Все рассмеялись, а Волгин подытожил: «Неисправим»…
Глава четвертая
Поезд резко затормозил. Маша с трудом удержалась на своей полке и посмотрела на Никиту. Тот даже не шелохнулся. Мерно посапывая, он, как ребенок, раскинул руки и чему-то сладко улыбался во сне. Часы показывали начало одиннадцатого. Журналистка приподнялась и выглянула в окно. Вагон остановился напротив строения с забрызганной краской надписью «КАССА», которая, вероятно, ввиду отсутствия пассажиров была закрыта. Маша потянулась и решила размяться. Она оглянулась в поисках теплых вещей, и, стараясь не разбудить напарника, набросила на плечи его куртку. Выйдя в тамбур, с удовольствие втянула в себя ночной воздух. «Прогуляйтесь –
– Простите, забыл «глаза» в купе.
– Маша. Бывшая ведущая программы «Космодром»…
– По голосу узнал, – улыбнулся в ответ старик. – Вы нынче на центральном телевидении? Говорят, большого полета птица.
– Полет – это скорее по вашей части, товарищ Крылов.
– Правильно, что «товарищ». Нынче больше господами величают. Ну, здравствуйте! Никак снова в наши края?
– На космодром. Только не надо на «вы». Пожалуйста, – попросила журналистка, пояснив: – Не чужие ведь.
– Лады, – пообещал попутчик. – На пуск что ли едешь?
– Сделаю последний репортаж и сменю профессию: канал заказал сериал о космодроме и его людях. Надеюсь, вы по старой памяти выручите. Посидим с ветеранами, вспомним, как и с чего все начиналось. Вы же на космодроме старожил, в курсе всех подробностей, поименно помните состав исторического боевого расчета и номер площадки…
– Вот те на! – растерялся Крылов. – Начиналось ведь все не здесь…
– Как так? – опешила Маша и подсказала: – Первый пуск, космодром, пятьдесят девятый год.
– Я все отлично помню, – с обидой в голосе остановил ее старик. – Из ума пока не выжил. А вот ты, детка, видать, подзабыла, что наш стартовый комплекс на тот момент только строился. А потому первый пуск мы провели на юге, где почти год и готовился наш боевой расчет. Никак запамятовала? Ну? Вспоминай: «Ташкент-90».
– А ведь и впрямь упустила, – смутилась журналистка, – хотя сотни раз говорила экскурсантам про Тюра-Там!

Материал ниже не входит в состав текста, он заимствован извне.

(* Let $E=\{1,2,\ldots,D\}$ be a finite state space and let $(J_n,T_n)_{n\in\mathbb{N}}$ be random variables on a probability space $(\Omega,\mathcal{F},\mathbb{P})$ with $J_n\in E$, $T_n\in\mathbb{N}$, $T_0=0$, $T_n<T_{n+1}$, and age index $A_n=a+T_n$ for a fixed initial age $a$. Assume that $(J_n,T_n,A_n)$ is a non-homogeneous age-indexed Markov renewal process, i.e. the conditional distribution of $(J_{n+1},T_{n+1})$ given the whole past $\sigma(J_h,T_h,A_h,\ h\le n)$ depends only on $(J_n,T_n,A_n)$, through the kernel $$ {}^{b}Q_{ij}(s;t)=\mathbb{P}[J_{n+1}=j,\,T_{n+1}\le t\mid J_n=i,\,T_n=s,\,A_n=b],\qquad b=a+s. $$ Put ${}^{b}q_{ij}(s;t)={}^{b}Q_{ij}(s;t)-{}^{b}Q_{ij}(s;t-1)$ for $t>s$ and ${}^{b}q_{ij}(s;s)=0$, and ${}^{b}\overline{H}_i(s;t)=1-\sum_{j\in E}{}^{b}Q_{ij}(s;t)$. Let $N(t)=\sup\{n:T_n\le t\}$, $Z(t)=J_{N(t)}$, $B(t)=t-T_{N(t)}$, and for integers $0\le u\le s\le t$, $u'\ge 0$, $i,j\in E$ define $$ {}^{a+s-u}\phi_{ij}(u,s;u',t)=\mathbb{P}\big[Z(t)=j,\,B(t)=u'\mid Z(s)=i,\,B(s)=u,\,A_{N(s)}=a+T_{N(s)}\big] $$ (whenever ${}^{a+s-u}\overline{H}_i(s-u;s)>0$). Then $$ {}^{a+s-u}\phi_{ij}(u,s;u',t)=1_{\{i=j\}}1_{\{u'=t-s+u\}}\frac{{}^{a+s-u}\overline{H}_i(s-u;t)}{{}^{a+s-u}\overline{H}_i(s-u;s)}+\sum_{k\in E}\sum_{\theta=s+1}^{t-u'}\frac{{}^{a+s-u}q_{ik}(s-u;\theta)}{{}^{a+s-u}\overline{H}_i(s-u;s)}\;{}^{a+\theta}\phi_{kj}(0,\theta;u',t). $$
   Context: Here $J_n$ is the (health) state entered at the $n$-th transition and $T_n$ its time; $Z(t)$ is the age-indexed semi-Markov chain, $B(t)$ the backward recurrence time (time elapsed since the last transition), and the left superscript on $Q$, $q$, $\overline{H}$, $\phi$ denotes the age of the individual at the time of the last transition (entrance into the current state). Thus ${}^{b}q_{ij}(s;t)=\mathbb{P}[J_{n+1}=j,T_{n+1}=t\mid J_n=i,T_n=s,A_n=b]$ and ${}^{b}\overline{H}_i(s;t)=\mathbb{P}[T_{n+1}>t\mid J_n=i,T_n=s,A_n=b]$ with $b=a+s$. *)

theory Defs
  imports "HOL-Probability.Probability"
begin

definition NN :: "(nat \<Rightarrow> 'w \<Rightarrow> nat) \<Rightarrow> nat \<Rightarrow> 'w \<Rightarrow> nat" where
  "NN T t \<omega> = Max {n. T n \<omega> \<le> t}"

definition ZZ :: "(nat \<Rightarrow> 'w \<Rightarrow> nat) \<Rightarrow> (nat \<Rightarrow> 'w \<Rightarrow> nat) \<Rightarrow> nat \<Rightarrow> 'w \<Rightarrow> nat" where
  "ZZ J T t \<omega> = J (NN T t \<omega>) \<omega>"

definition BB :: "(nat \<Rightarrow> 'w \<Rightarrow> nat) \<Rightarrow> nat \<Rightarrow> 'w \<Rightarrow> nat" where
  "BB T t \<omega> = t - T (NN T t \<omega>) \<omega>"

definition AA :: "nat \<Rightarrow> (nat \<Rightarrow> 'w \<Rightarrow> nat) \<Rightarrow> nat \<Rightarrow> 'w \<Rightarrow> nat" where
  "AA a T n \<omega> = a + T n \<omega>"

text \<open>Kernel Q: arguments are (age b) (state i) (state j) (time s) (time t),
  i.e. Q b i j s t = ^bQ_ij(s;t).  Derived quantities:\<close>
definition qk :: "(nat \<Rightarrow> nat \<Rightarrow> nat \<Rightarrow> nat \<Rightarrow> nat \<Rightarrow> real) \<Rightarrow> nat \<Rightarrow> nat \<Rightarrow> nat \<Rightarrow> nat \<Rightarrow> nat \<Rightarrow> real" where
  "qk Q b i j s t = (if s < t then Q b i j s t - Q b i j s (t - 1) else 0)"

definition Hbar :: "nat \<Rightarrow> (nat \<Rightarrow> nat \<Rightarrow> nat \<Rightarrow> nat \<Rightarrow> nat \<Rightarrow> real) \<Rightarrow> nat \<Rightarrow> nat \<Rightarrow> nat \<Rightarrow> nat \<Rightarrow> real" where
  "Hbar D Q b i s t = 1 - (\<Sum>j\<in>{1..D}. Q b i j s t)"

text \<open>^b phi_ij(u,s;u',t) = P[Z(t)=j, B(t)=u' | Z(s)=i, B(s)=u, A_{N(s)} = b]
  (with b = a+s-u = a + T_{N(s)} on the conditioning event).\<close>
definition phi :: "'w measure \<Rightarrow> nat \<Rightarrow> (nat \<Rightarrow> 'w \<Rightarrow> nat) \<Rightarrow> (nat \<Rightarrow> 'w \<Rightarrow> nat)
    \<Rightarrow> nat \<Rightarrow> nat \<Rightarrow> nat \<Rightarrow> nat \<Rightarrow> nat \<Rightarrow> nat \<Rightarrow> nat \<Rightarrow> real" where
  "phi M a J T b i j u s u' t =
     cond_prob M (\<lambda>\<omega>. ZZ J T t \<omega> = j \<and> BB T t \<omega> = u')
                 (\<lambda>\<omega>. ZZ J T s \<omega> = i \<and> BB T s \<omega> = u \<and> AA a T (NN T s \<omega>) \<omega> = b)"

end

…Получив после окончания училища распределение в Ташкент-90, поздним летним вечером Крылов прибыл на Казанский вокзал столицы. На перроне в ожидании поезда уже томились почти два десятка его товарищей. После объявления посадки лейтенанты, одетые в парадную форму, увешанные чемоданами, рюкзаками, тюками и даже матрасными чехлами, доверху набитыми вещами, с шумом влились в плотный пассажиропоток, привлекая к себе всеобщее внимание. Напоминая скорее веселый цыганский табор, нежели армейский строй, новоиспеченные офицеры из-за тяжести багажа двигались к вагону короткими перебежками, шутили, веселились и дурачились, подмигивая симпатичным девушкам и подтрунивая над их растерянными спутниками. Впрочем, всерьез на эту балаганную процессию никто не обижался, понимая, что молодежь надолго отправляется в дальние края, где им, скорее всего, будет не до смеха. Первопроходцев провожали добродушными улыбками, искренне желая всяческих успехов и простого человеческого счастья. «Бабуля, пожелайте нам везения», – на полном серьезе попросил перекрестившую их старушку лейтенант.
Спустя несколько дней молодые люди дружно выгружали из вагонов свой незатейливый скарб, поеживаясь от холода и позевывая с полусна. Поезд скрылся из вида, и офицеры оказались в кромешной тьме. Лишь где-то вдали отчаянно препирались цикады, а у будки смотрителя угадывались силуэты спящих верблюдов. Потому появление военного патруля молодежь восприняла с восторгом – мысль бесславно сгинуть в необитаемой степи тревожила всех.
– «Здравствуй, племя молодое, незнакомое»! – поприветствовал компанию начальник патруля и бодро отрапортовал. – С минуты на минуту прибудет машина и доставит вас к месту проживания.
– В гостиницу? – с надеждой поинтересовался Крылов.
– Можно и так сказать. На «Казанский вокзал», короче.
– Куда?! – опешили вмиг проснувшиеся новички.
– Кроме как на «Казанский вокзал», некуда, – заверил капитан.
– Люди, где мы? – с пафосом выкрикнул Орлов.
– «А приехал я назад, а приехал в Ленинград», – пошутил кто-то из сослуживцев.
– Ребята, не горюй, у нас свой «Казанский вокзал», – видя их замешательство, успокоил офицер. – Это ваша общага.